There were litterbugs called out, taggers, a nudist, at least one guy who left embers smoldering in a fire ring, bums living in shelters, hostel crooks, shelter-tenters, a fugitive, a family dragging six kids through the snow, scary looking ex-cons, stalkers, a former white nationalist, mooches and Yogis along with the ever-popular missing hiker routine. That's the one when the looser you just broke up with and had to move, quit your job, and take a long hike to escape tracks you down by pretending to be worried sick about you because you're "missing". It's a classic because the entire 'trail family' is unwittingly assisting your stalker - with gusto. Highly effective gusto at that. How'd you like to summit a peak and find your favorite former psycho waiting on bended knee with a bouquet and a backpack there? There being miles from anywhere, anything, or anyone. My personal favorite is when folks that fail to bury their poop are identified. Probably because it has that too obvious, too hard to prove or disprove quality that really stinks like shit - like total bullshit - to me. And let's face it, if you know who is pooping where and what they do or don't do with their doo-doo the lunatic is you you!
Now in a perfect world I suppose we could all slip into our cowls and Underoos, grab the GoPro, a few Batarangs, and maybe a magic lasso to swing into crime-fighting-action, but this isn't a perfect world. And not burying your poop isn't really a crime. This is an imperfect world where just for example the country is neatly divided in half by its vastly differing views. (One half fast asleep, the other wide awake.) We are a nation where one in two citizens you'll meet tomorrow fundamentally disagrees with you and likely doesn't care for you too much based on that philosophical polarity. Now imagine your neighbor or coworker puts you in an embarrassing YouTube video that showcases your characterological shortcomings - real or fabricated - because your political party colors don't match. Welcome to the new and improved now technologically advanced wilderness experience. You get away from it all and get on TV! WTF? Over.
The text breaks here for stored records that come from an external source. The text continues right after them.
lemma rotated_centres_gap_estimate:
  fixes \<alpha> \<beta> \<eta> :: real
  assumes "0 < \<eta>" "\<eta> < 1/10" "0 < \<alpha>" "\<alpha> < 3 * \<beta> / 4" "\<beta> < \<eta>"
  defines "d \<equiv> (1 - cis (-\<alpha>)) - (cis \<eta> - cis (\<eta> - \<beta>))"
  shows "0 \<le> Re d"
    and "norm (d + cis (12 * \<eta>)) \<le> 1"
proof -
  have ranges: "0 < \<beta>" "0 \<le> \<beta>" "\<beta> \<le> \<eta>" "\<eta> \<le> pi" "\<eta> \<le> 1/10"
    using assms pi_gt3 by linarith+
  have Re_d: "Re d = (1 - cos \<alpha>) + (cos (\<eta> - \<beta>) - cos \<eta>)"
    and Im_d: "Im d = sin \<alpha> - (sin \<eta> - sin (\<eta> - \<beta>))"
    by (simp_all add: d_def)
  have "\<alpha>\<^sup>2 \<le> (3 * \<beta> / 4)\<^sup>2"
    by (rule power_mono) (use assms in simp_all)
  also have "\<dots> \<le> 9/16 * (\<eta> * \<beta>)"
    using assms ranges by (simp add: power2_eq_square mult_right_mono)
  finally have "1 - cos \<alpha> \<le> 9/32 * (\<eta> * \<beta>)"
    using cos_ge_one_minus_sq_div_2[of \<alpha>] by linarith
  moreover have "0 \<le> sin \<alpha>" "sin \<alpha> \<le> \<alpha>"
    using assms pi_gt3 by (auto intro: sin_ge_zero sin_x_le_x)
  ultimately have bounds: "0 \<le> Re d" "Re d \<le> 41/32 * (\<eta> * \<beta>)" "-\<beta> \<le> Im d" "Im d \<le> -(6/25) * \<beta>"
    using cos_diff_cos_bounds[OF ranges(2-4)] sin_diff_sin_bounds[OF ranges(2,3,5)] cos_le_one[of \<alpha>]
      ranges(1) assms(1-5)
    unfolding Re_d Im_d by linarith+
  then show "0 \<le> Re d"
    by blast
  have "(norm (d + cis (12 * \<eta>)))\<^sup>2 \<le> 1"
    using trig_quadratic_estimate[OF ranges(1) assms(5,2) bounds]
    unfolding norm_add_cis_power2 by linarith
  then show "norm (d + cis (12 * \<eta>)) \<le> 1"
    by (simp add: abs_square_le_1)
qed

theorem lemma3:
  fixes C A B :: complex and \<eta> \<alpha> \<beta> :: real
  assumes "A \<in> sphere C 1" and "B \<in> sphere C 1"
    and "B - C = (A - C) * cis \<eta>"
    and "0 < \<eta>" and "\<eta> < 1/10"
    and "0 < \<alpha>" and "\<alpha> < 3 * \<beta> / 4" and "\<beta> < \<eta>"
  shows "\<exists>z. z \<in> rot A (-\<alpha>) ` sphere C 1 \<and> z \<in> rot B (-\<beta>) ` sphere C 1
            \<and> z \<notin> cball C 1 \<and> dist z A < 50 * \<eta>"
proof -
  define u where "u = A - C"
  have "norm u = 1"
    using assms(1) by (simp add: u_def dist_norm norm_minus_commute)
  then have dist_frame: "dist z P = norm w" if "z - P = u * w" for z P w
    using that by (simp add: dist_norm norm_mult)
  have A: "A = C + u" and B: "B = C + u * cis \<eta>"
    using assms(3) by (simp_all add: u_def algebra_simps)
  have centre_A: "rot A (-\<alpha>) C = C + u * (1 - cis (-\<alpha>))"
    and centre_B: "rot B (-\<beta>) C = C + u * (cis \<eta> - cis (\<eta> - \<beta>))"
    by (simp_all add: A B rot_def algebra_simps mult.assoc cis_mult)
  define d where "d = (1 - cis (-\<alpha>)) - (cis \<eta> - cis (\<eta> - \<beta>))"
  obtain \<theta> where \<theta>: "0 \<le> \<theta>" "\<theta> \<le> 12 * \<eta>" "norm (d + cis \<theta>) = 1"
    using exists_norm_add_cis_eq_1[of d "12 * \<eta>"] rotated_centres_gap_estimate[OF assms(4-8)] assms(4)
    unfolding d_def by auto
  define q where "q = 1 - cis (-\<alpha>) + cis \<theta>"
  define z where "z = C + u * q"
  have "dist z (rot A (-\<alpha>) C) = 1" "dist z (rot B (-\<beta>) C) = 1"
    using \<theta>(3) by (auto intro!: trans[OF dist_frame] simp: z_def q_def centre_A centre_B d_def algebra_simps)
  then have "z \<in> rot A (-\<alpha>) ` sphere C 1" "z \<in> rot B (-\<beta>) ` sphere C 1"
    by (simp_all add: rot_image_sphere dist_commute)
  moreover have "z \<notin> cball C 1"
    using norm_one_minus_cis_add_cis_gt_1[of \<alpha> \<theta>] dist_frame[of z C q] \<theta> assms(5-8) pi_gt3
    by (simp add: z_def q_def dist_commute)
  moreover have "dist z A \<le> \<theta> + \<alpha>"
    using norm_cis_diff_le[of \<theta> "-\<alpha>"] dist_frame[of z A "cis \<theta> - cis (-\<alpha>)"] \<theta>(1) assms(6)
    by (simp add: z_def q_def A algebra_simps)
  ultimately show ?thesis
    using \<theta>(2) assms(4,7,8) by fastforce
qed

end
(* Let $H$ be a simple, co-hopfian, complete group, and let $G$ be a simple, complete group with $H\subsetneq G$ such that every proper subgroup of $G$ is either cyclic or contained in a conjugate $g^{-1}Hg$ ($g\in G$) of $H$. Then $G$ is co-hopfian and the inclusion $H\subseteq G$ is a localization.
   Context: A group homomorphism $i\colon H\to G$ is a localization if for every homomorphism $\varphi\colon H\to G$ there exists a unique homomorphism $\psi\colon G\to G$ with $\psi\circ i=\varphi$; for $H\subseteq G$, "$H\subseteq G$ is a localization" means the inclusion map is. A group is co-hopfian if every injective endomorphism is an automorphism; complete if it has trivial center and every automorphism is inner. *)

theory Defs
  imports "HOL-Algebra.Algebra"
begin

text \<open>Simple group (possibly infinite; the library locale simple_group requires
  order G > 1, which fails for infinite groups since card of an infinite set is 0).\<close>
definition simple_grp :: "('a, 'b) monoid_scheme \<Rightarrow> bool" where
  "simple_grp G \<longleftrightarrow> group G \<and> carrier G \<noteq> {\<one>\<^bsub>G\<^esub>} \<and>
     (\<forall>N. N \<lhd> G \<longrightarrow> N = {\<one>\<^bsub>G\<^esub>} \<or> N = carrier G)"

definition co_hopfian :: "('a, 'b) monoid_scheme \<Rightarrow> bool" where
  "co_hopfian G \<longleftrightarrow> group G \<and>
     (\<forall>f \<in> hom G G. inj_on f (carrier G) \<longrightarrow> f \<in> iso G G)"

definition grp_center :: "('a, 'b) monoid_scheme \<Rightarrow> 'a set" where
  "grp_center G = {z \<in> carrier G. \<forall>x \<in> carrier G. z \<otimes>\<^bsub>G\<^esub> x = x \<otimes>\<^bsub>G\<^esub> z}"

definition complete_grp :: "('a, 'b) monoid_scheme \<Rightarrow> bool" where
  "complete_grp G \<longleftrightarrow> group G \<and> grp_center G = {\<one>\<^bsub>G\<^esub>} \<and>
     (\<forall>f \<in> iso G G. \<exists>g \<in> carrier G. \<forall>x \<in> carrier G.
        f x = g \<otimes>\<^bsub>G\<^esub> x \<otimes>\<^bsub>G\<^esub> inv\<^bsub>G\<^esub> g)"

definition localization ::
  "('a \<Rightarrow> 'c) \<Rightarrow> ('a, 'b) monoid_scheme \<Rightarrow> ('c, 'd) monoid_scheme \<Rightarrow> bool" where
  "localization i H G \<longleftrightarrow> i \<in> hom H G \<and>
     (\<forall>\<phi> \<in> hom H G. \<exists>\<psi> \<in> hom G G. (\<forall>x \<in> carrier H. \<psi> (i x) = \<phi> x) \<and>
        (\<forall>\<psi>' \<in> hom G G. (\<forall>x \<in> carrier H. \<psi>' (i x) = \<phi> x) \<longrightarrow>
            (\<forall>y \<in> carrier G. \<psi>' y = \<psi> y)))"

definition conj_subset :: "('a, 'b) monoid_scheme \<Rightarrow> 'a \<Rightarrow> 'a set \<Rightarrow> 'a set" where
  "conj_subset G g H = (\<lambda>h. inv\<^bsub>G\<^esub> g \<otimes>\<^bsub>G\<^esub> h \<otimes>\<^bsub>G\<^esub> g) ` H"
(* Let $R$ be a ring whose only idempotents are $0$ and $1$. Then $R$ is a GSWNC ring if and only if $R$ is a local ring whose Jacobson radical $J(R)$ is nil.
   Context: All rings are associative with identity. An element $a$ of a ring is strongly weakly nil-clean if there exist an idempotent $e$ and a nilpotent $q$ with $eq = qe$ such that $a = q + e$ or $a = q - e$. A ring is GSWNC if every non-invertible element is strongly weakly nil-clean. *)

theory Defs
  imports Main
begin

definition is_idem :: "'a::ring_1 \<Rightarrow> bool" where
  "is_idem e \<longleftrightarrow> e * e = e"

definition is_nilp :: "'a::ring_1 \<Rightarrow> bool" where
  "is_nilp q \<longleftrightarrow> (\<exists>n::nat. q ^ n = 0)"

definition is_unit :: "'a::ring_1 \<Rightarrow> bool" where
  "is_unit a \<longleftrightarrow> (\<exists>b. a * b = 1 \<and> b * a = 1)"

definition strongly_weakly_nil_clean :: "'a::ring_1 \<Rightarrow> bool" where
  "strongly_weakly_nil_clean a \<longleftrightarrow>
     (\<exists>e q. is_idem e \<and> is_nilp q \<and> e * q = q * e \<and> (a = q + e \<or> a = q - e))"

definition GSWNC :: "'a::ring_1 itself \<Rightarrow> bool" where
  "GSWNC (_ :: 'a itself) \<longleftrightarrow>
     (\<forall>a::'a. \<not> is_unit a \<longrightarrow> strongly_weakly_nil_clean a)"

definition left_ideal :: "'a::ring_1 set \<Rightarrow> bool" where
  "left_ideal I \<longleftrightarrow> 0 \<in> I \<and> (\<forall>a\<in>I. \<forall>b\<in>I. a + b \<in> I) \<and> (\<forall>a\<in>I. - a \<in> I)
     \<and> (\<forall>r. \<forall>a\<in>I. r * a \<in> I)"

definition maximal_left_ideal :: "'a::ring_1 set \<Rightarrow> bool" where
  "maximal_left_ideal I \<longleftrightarrow> left_ideal I \<and> I \<noteq> UNIV \<and>
     (\<forall>K. left_ideal K \<and> I \<subseteq> K \<and> K \<noteq> UNIV \<longrightarrow> K = I)"

definition jacobson :: "'a::ring_1 itself \<Rightarrow> 'a set" where
  "jacobson (_ :: 'a itself) = \<Inter> {I :: 'a set. maximal_left_ideal I}"

definition local_ring :: "'a::ring_1 itself \<Rightarrow> bool" where
  "local_ring (_ :: 'a itself) \<longleftrightarrow> (\<exists>!I :: 'a set. maximal_left_ideal I)"

end

theory Submission
  imports Defs
begin

text \<open>Without nontrivial idempotents, \<open>a\<close> is strongly weakly nil-clean iff one of \<open>a\<close>,
  \<open>a - 1\<close>, \<open>a + 1\<close> is nilpotent; as \<open>1 - q\<close> is a unit for nilpotent \<open>q\<close>, the GSWNC
  property says exactly that every non-unit is nilpotent.

  If every non-unit is nilpotent, a left invertible element is a unit, since a nilpotent
  element of a nonzero ring has no one-sided inverse. Hence the non-units are closed under
  addition and left multiplication; they form a left ideal containing every proper one, so
  it is the unique maximal left ideal and equals \<open>J(R)\<close>. Conversely, let \<open>M\<close> be a nil
  maximal left ideal. If \<open>a\<close> has no left inverse, then \<open>R a + M\<close> is proper (from
  \<open>1 = r a + m\<close> the element \<open>r a = 1 - m\<close> would be a unit), so \<open>a \<in> M\<close>. A non-unit \<open>a\<close>
  with a left inverse \<open>s\<close> is impossible: \<open>s\<close> has no left inverse (it would equal \<open>a\<close>), so
  \<open>s \<in> M\<close> is nilpotent, yet right invertible.\<close>

lemma one_diff_mult_sum_powers: "(1 - x) * (\<Sum>i<n. x ^ i) = 1 - (x::'a::ring_1) ^ n"
proof (induction n)
  case (Suc n)
  then show ?case by (simp add: distrib_left left_diff_distrib)
qed simp
(* Let $Y\sim$ exGPD$(\sigma,\xi)$ with $\sigma>0$, and let $u\in\mathbb{R}$ (with $u<\log(-\sigma/\xi)$ when $\xi<0$). The mean excess function $e_Y(u)=E[Y-u\mid Y>u]$ is finite and given by $$e_Y(u)=\begin{cases}\big(\bar F_Y(u)\big)^{-1}\,B\!\left(\left(1+\xi e^{u}/\sigma\right)^{-1};\,1/\xi,\,0\right), & \xi>0,\\[2pt] \big(\bar F_Y(u)\big)^{-1}\,B\!\left(1+\xi e^{u}/\sigma;\,1-1/\xi,\,0\right), & \xi<0,\\[2pt] \exp\!\left(e^{u}/\sigma\right)\,\Gamma\!\left(0,\,e^{u}/\sigma\right), & \xi=0,\end{cases}$$ where $\bar F_Y(u)=(1+\xi e^u/\sigma)^{-1/\xi}$ for $\xi\neq0$, $B(x;a,0)=\int_0^x t^{a-1}(1-t)^{-1}\,dt$ for $x\in(0,1)$, $a>0$, and $\Gamma(s,x)=\int_x^\infty t^{s-1}e^{-t}\,dt$. Consequently, the conditional tail expectation at level $p\in(0,1)$ is $E[Y\mid Y>y_p]=y_p+e_Y(y_p)$, where $y_p=\log\!\big(\frac{\sigma}{\xi}((1-p)^{-\xi}-1)\big)$ for $\xi\neq0$ is the $p$-quantile of $Y$.
   Context: For $\sigma>0$ and $\xi\in\mathbb{R}$, the generalized Pareto distribution GPD$(\sigma,\xi)$ has distribution function $G(x)=1-(1+\xi x/\sigma)^{-1/\xi}$ for $\xi\neq 0$, with support $x\ge 0$ if $\xi>0$ and $0\le x\le -\sigma/\xi$ if $\xi<0$; for $\xi=0$ it is $G(x)=1-e^{-x/\sigma}$, $x\ge 0$. A random variable $Y$ has the exponentiated generalized Pareto distribution exGPD$(\sigma,\xi)$ if $Y=\log X$ with $X\sim$ GPD$(\sigma,\xi)$. Equivalently, for $\xi\neq0$ its distribution function is $F_Y(y)=1-(1+\xi e^y/\sigma)^{-1/\xi}$, with support $y\in\mathbb{R}$ if $\xi>0$ and $-\infty<y\le \log(-\sigma/\xi)$ if $\xi<0$. For $\xi=0$ it is $F_Y(y)=1-\exp(-e^{y}/\sigma)$, $y\in\mathbb{R}$. Its density is $f_Y(y)=\frac{e^y}{\sigma}(1+\xi e^y/\sigma)^{-1/\xi-1}$ on the support for $\xi\neq0$, and $f_Y(y)=\frac{1}{\sigma}e^{y-e^y/\sigma}$ for $\xi=0$. We write $\bar F_Y=1-F_Y$. *)

theory Defs
  imports "HOL-Probability.Probability"
begin
(* Let $s_2=s_2(z)$ be the formal power series \[ s_2=\frac{1+z-z^{2}-\sqrt{1-2z-z^{2}-2z^{3}+z^{4}}}{2z}, \] where the square root is the power series with constant term $1$ (so $s_2=1+z^2+z^3+2z^4+\cdots$). For $k\ge 0$ let $f_k(z)$ and $g_k(z)$ be the generating functions (in the variable $z$ marking the number of steps) of partial Dyck paths with air pockets ending at level $k$ whose last step is an up-step or that are empty (for $f_k$), respectively whose last step is a down-step (for $g_k$). Then for all $k\ge 0$, \[ f_k=z^{k}s_2^{k},\qquad g_k=z^k\bigl(s_2^{k+1}-s_2^{k}\bigr). \] In particular, $f_k+g_k=z^ks_2^{k+1}$ is the generating function of partial Dyck paths with air pockets ending at level $k$.
   Context: A partial Dyck path with air pockets is a lattice path starting at $(0,0)$, using up-steps $(1,1)$ and down-steps $(1,-j)$ for any integer $j\ge1$, never going below the $x$-axis, such that no two down-steps are consecutive; it may end at any level $k\ge0$ (the height of its endpoint). Equivalently, $f_k,g_k$ are the unique formal power series in $z$ satisfying $f_0=1$, $f_k=zf_{k-1}+zg_{k-1}$ for $k\ge1$, and $g_k=z\sum_{j>k}f_j$ for $k\ge0$. *)

theory Defs
  imports "HOL-Computational_Algebra.Formal_Power_Series"
begin

text \<open>A path is encoded as the list of its vertical increments: an up-step (1,1) is 1,
  a down-step (1,-j) with j \<ge> 1 is the negative integer -j.\<close>

definition air_path :: "int list \<Rightarrow> bool" where
  "air_path p \<longleftrightarrow>
     (\<forall>x \<in> set p. x = 1 \<or> x \<le> -1) \<and>
     (\<forall>i \<le> length p. sum_list (take i p) \<ge> 0) \<and>
     (\<forall>i. Suc i < length p \<longrightarrow> \<not> (p ! i < 0 \<and> p ! Suc i < 0))"

definition f_gf :: "nat \<Rightarrow> real fps" where
  "f_gf k = Abs_fps (\<lambda>n. of_nat (card {p. air_path p \<and> length p = n \<and> sum_list p = int k
                                        \<and> (p = [] \<or> last p = 1)}))"

definition g_gf :: "nat \<Rightarrow> real fps" where
  "g_gf k = Abs_fps (\<lambda>n. of_nat (card {p. air_path p \<and> length p = n \<and> sum_list p = int k
                                        \<and> p \<noteq> [] \<and> last p < 0}))"

definition all_gf :: "nat \<Rightarrow> real fps" where
  "all_gf k = Abs_fps (\<lambda>n. of_nat (card {p. air_path p \<and> length p = n \<and> sum_list p = int k}))"

definition disc :: "real fps" where
  "disc = 1 - 2 * fps_X - fps_X ^ 2 - 2 * fps_X ^ 3 + fps_X ^ 4"

definition sqrt_disc :: "real fps" where
  "sqrt_disc = (THE Q. fps_nth Q 0 = 1 \<and> Q ^ 2 = disc)"

definition s2 :: "real fps" where
  "s2 = (1 + fps_X - fps_X ^ 2 - sqrt_disc) / (2 * fps_X)"

end

theory Submission
  imports Defs
begin
lemma cochain_inner_indicator_right:
  assumes "a < card (faces n K)"
  shows "cochain_inner K n u f (point_indicator (e a)) = u (e a) * f (e a)"
proof -
  have "cochain_inner K n u f (point_indicator (e a))
      = (\<Sum>b<card (faces n K). (u (e b) * f (e b)) * point_indicator (e b) (e a))"
    unfolding cochain_inner_def sum.reindex_bij_betw[OF e, symmetric]
    by (rule sum.cong[OF refl]) (auto simp: point_indicator_def)
  thus ?thesis using indicator_combination_at[OF assms] by simp
qed

lemma column_cochain_cochain: "column_cochain e (card (faces n K)) u U j \<in> cochains n K"
  unfolding column_cochain_def by (rule indicator_combination_cochain)

lemma column_cochain_at:
  "c < card (faces n K)
    \<Longrightarrow> column_cochain e (card (faces n K)) u U j (e c) = U $$ (c,j) / sqrt (u (e c))"
  unfolding column_cochain_def by (rule indicator_combination_at)

lemma cochain_inner_column_cochains:
  assumes u_pos: "\<And>F. F \<in> faces n K \<Longrightarrow> 0 < u F"
  shows "cochain_inner K n u (column_cochain e (card (faces n K)) u U j)
      (column_cochain e (card (faces n K)) u U k)
    = (\<Sum>a<card (faces n K). U $$ (a,j) * U $$ (a,k))"
  unfolding column_cochain_def cochain_inner_indicator_combinations
proof (rule sum.cong[OF refl])
  fix a assume "a \<in> {..<card (faces n K)}"
  hence "0 < u (e a)" using e u_pos unfolding bij_betw_def by auto
  thus "u (e a) * (U $$ (a,j) / sqrt (u (e a))) * (U $$ (a,k) / sqrt (u (e a)))
      = U $$ (a,j) * U $$ (a,k)"
    by (simp add: field_simps)
qed
lemma twisted_central_eq_scalar:
  assumes "\<And>j. cl_mult (cl_alpha z) (cl_vec (axis j 1)) = cl_mult (cl_vec (axis j 1)) (z :: 'd::{finite,linorder} cliff)"
  shows "z = (\<lambda>A. z {} * cl_one A)"
proof
  fix A
  show "z A = z {} * cl_one A"
  proof (cases "A = {}")
    case True
    then show ?thesis by (simp add: cl_one_def)
  next
    case False
    then obtain j where j: "j \<in> A" by blast
    have "cl_mult (cl_alpha z) (cl_blade {j}) (symdiff {j} A) = cl_mult (cl_blade {j}) z (symdiff {j} A)"
      using assms[of j] unfolding cl_vec_axis by simp
    then have "cl_sign A {j} * ((-1) ^ card A * z A) = cl_sign {j} A * z A"
      unfolding cl_mult_blade_singleton_right cl_mult_blade_singleton_left symdiff_cancel_left cl_alpha_def .
    then have "- cl_sign {j} A * z A = cl_sign {j} A * z A"
      using cl_sign_singleton_swap[OF j] by (simp add: mult_ac)
    then have "z A = 0" by simp
    then show ?thesis using False by (simp add: cl_one_def)
  qed
qed

section \<open>Products of orthonormal vectors\<close>

fun cl_prod :: "(real^'d::{finite,linorder}) list \<Rightarrow> 'd cliff" where
  "cl_prod [] = cl_one"
| "cl_prod (v # L) = cl_mult (cl_vec v) (cl_prod L)"

lemma cl_prod_append: "cl_prod (L @ L') = cl_mult (cl_prod L) (cl_prod L')"
  by (induction L) (simp_all add: cl_mult_assoc)

lemma cl_alpha_cl_prod: "cl_alpha (cl_prod L) = (\<lambda>A. (-1) ^ length L * cl_prod L A)"
  by (induction L) (simp_all add: cl_alpha_mult cl_alpha_vec cl_mult_minus_left cl_mult_scale_right)
(* Let $d\geqslant 2$ and $a=(a_1,\dots,a_d)\in\mathbb{Z}_p^d$ with $a_d\neq 0$. Let $L$ be the $\mathbb{Z}_p$-Lie lattice $\mathbb{Z}_p^{d+1}$ with canonical basis $(x_0,\dots,x_d)$ and bracket determined by $[x_i,x_j]=0$ for $1\leqslant i,j\leqslant d$, $[x_0,x_1]=\sum_{i=1}^d a_ix_i$, and $[x_0,x_{i+1}]=x_i$ for $1\leqslant i<d$. Then $L$ admits a finite-index subalgebra that is not self-similar of index $p$.
   Context: $p$ is any prime. A virtual endomorphism of a $\mathbb{Z}_p$-Lie lattice $M$ is a homomorphism of algebras $\varphi:N\to M$ with $N\subseteq M$ a finite-index subalgebra, of index $[M:N]$. An ideal $I$ of $M$ is $\varphi$-invariant if it lies in the domain of every power of $\varphi$ and $\varphi(I)\subseteq I$; $\varphi$ is simple if no non-zero ideal is $\varphi$-invariant. $M$ is self-similar of index $p^k$ if it has a simple virtual endomorphism of index $p^k$. *)

theory Defs
  imports "HOL-Computational_Algebra.Primes"
begin

text \<open>An element of Z_p is a compatible sequence of residues x n in {0..<p^n}
  with x n = x (Suc n) mod p^n.  Ring operations are computed level-wise.\<close>

type_synonym zp = "nat \<Rightarrow> int"

definition zp_carrier :: "nat \<Rightarrow> zp set" where
  "zp_carrier p = {x. \<forall>n. 0 \<le> x n \<and> x n < int p ^ n \<and> x n = x (Suc n) mod int p ^ n}"
(* In the setting of the OMD iteration $\pi^{(1)}=\pi^{\mathrm{ref}}$, $\pi^{(t+1)}(a)\propto(\pi^{\mathrm{ref}}(a))^{1/t}(\pi^{(t)}(a))^{(t-1)/t}\exp(\frac\eta tQ^{(t)}(a))$, with $Q^{(t)}\in[0,1]^{\mathcal A}$ and $f^{(t)}(\pi)=\langle\pi,Q^{(t)}\rangle-\eta^{-1}\mathrm{KL}(\pi\|\pi^{\mathrm{ref}})$, the following hold for all $t\ge1$: (i) $\pi^{(t+1)}(a)\propto\pi^{\mathrm{ref}}(a)\exp\big(\frac\eta t\sum_{k=1}^tQ^{(k)}(a)\big)$, and $\pi^{(t+1)}=\arg\max_{\pi\in\Delta(\mathcal A)}\sum_{k=1}^tf^{(k)}(\pi)$; (ii) $\|\pi^{(t+1)}-\pi^{(t)}\|_1\le\frac{2\eta}{2t-1}$ and $f^{(t)}(\pi^{(t+1)})-f^{(t)}(\pi^{(t)})\le\frac{2\eta}{2t-1}$; (iii) for every $T\ge1$ and every $\pi^*\in\Delta(\mathcal A)$, $\sum_{t=1}^T\big(f^{(t)}(\pi^* )-f^{(t)}(\pi^{(t)})\big)\le2\eta(1+\log T)$.
   Context: $\mathcal A$ finite, $\pi^{\mathrm{ref}}\in\Delta(\mathcal A)$ with full support, $\eta>0$; $\mathrm{KL}(p\|q)=\sum_ap(a)\log(p(a)/q(a))$; $\|\cdot\|_1$ is the $\ell_1$ norm on $\mathbb R^{\mathcal A}$. *)

theory Defs
  imports Complex_Main
begin

definition simplex :: "('a::finite \<Rightarrow> real) set" where
  "simplex = {p. (\<forall>a. 0 \<le> p a) \<and> (\<Sum>a\<in>UNIV. p a) = 1}"

text \<open>KL divergence (with the convention 0 log 0 = 0, since 0 * _ = 0).\<close>
definition KL :: "('a::finite \<Rightarrow> real) \<Rightarrow> ('a \<Rightarrow> real) \<Rightarrow> real" where
  "KL p q = (\<Sum>a\<in>UNIV. p a * ln (p a / q a))"

definition fobj :: "real \<Rightarrow> ('a::finite \<Rightarrow> real) \<Rightarrow> (nat \<Rightarrow> 'a \<Rightarrow> real) \<Rightarrow> nat \<Rightarrow> ('a \<Rightarrow> real) \<Rightarrow> real" where
  "fobj \<eta> pref Q t p = (\<Sum>a\<in>UNIV. p a * Q t a) - KL p pref / \<eta>"

definition omd_weight :: "real \<Rightarrow> ('a::finite \<Rightarrow> real) \<Rightarrow> (nat \<Rightarrow> 'a \<Rightarrow> real) \<Rightarrow> nat \<Rightarrow> ('a \<Rightarrow> real) \<Rightarrow> 'a \<Rightarrow> real" where
  "omd_weight \<eta> pref Q t p a =
     pref a powr (1 / real t) * p a powr ((real t - 1) / real t) * exp (\<eta> / real t * Q t a)"

end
Contrary to popular belief not all hikers get along, nor should we expect them to. Not all hikers are the same and tolerance means accepting that not everyone out there is the same kind of different as you. (If you carry a Cranberry Osprey please hang up.) As long as we are always different then we'll always disagree about something. We have to endeavor to agree to disagree and embrace our differences, not showcase the different and disagreeable in petty little videos that may well harm the innocent and embolden the guilty. We must never cry wolf and accept that because there are those that do we must then deal with not imaginary, but real wolves directly and alone. This is courage.
This is cowardice:
Hikers need courage while the trail needs courageous hikers and less moral cowardice. If vloggers want to raise awareness on the Appalachian Trail then they should raise their own by shutting off their cameras, closing their mouths, opening their ears, minds, hearts, and then just hike. Just LNT and HYOH - no cameras or capes required. As this wise man once said:
"It's just walking."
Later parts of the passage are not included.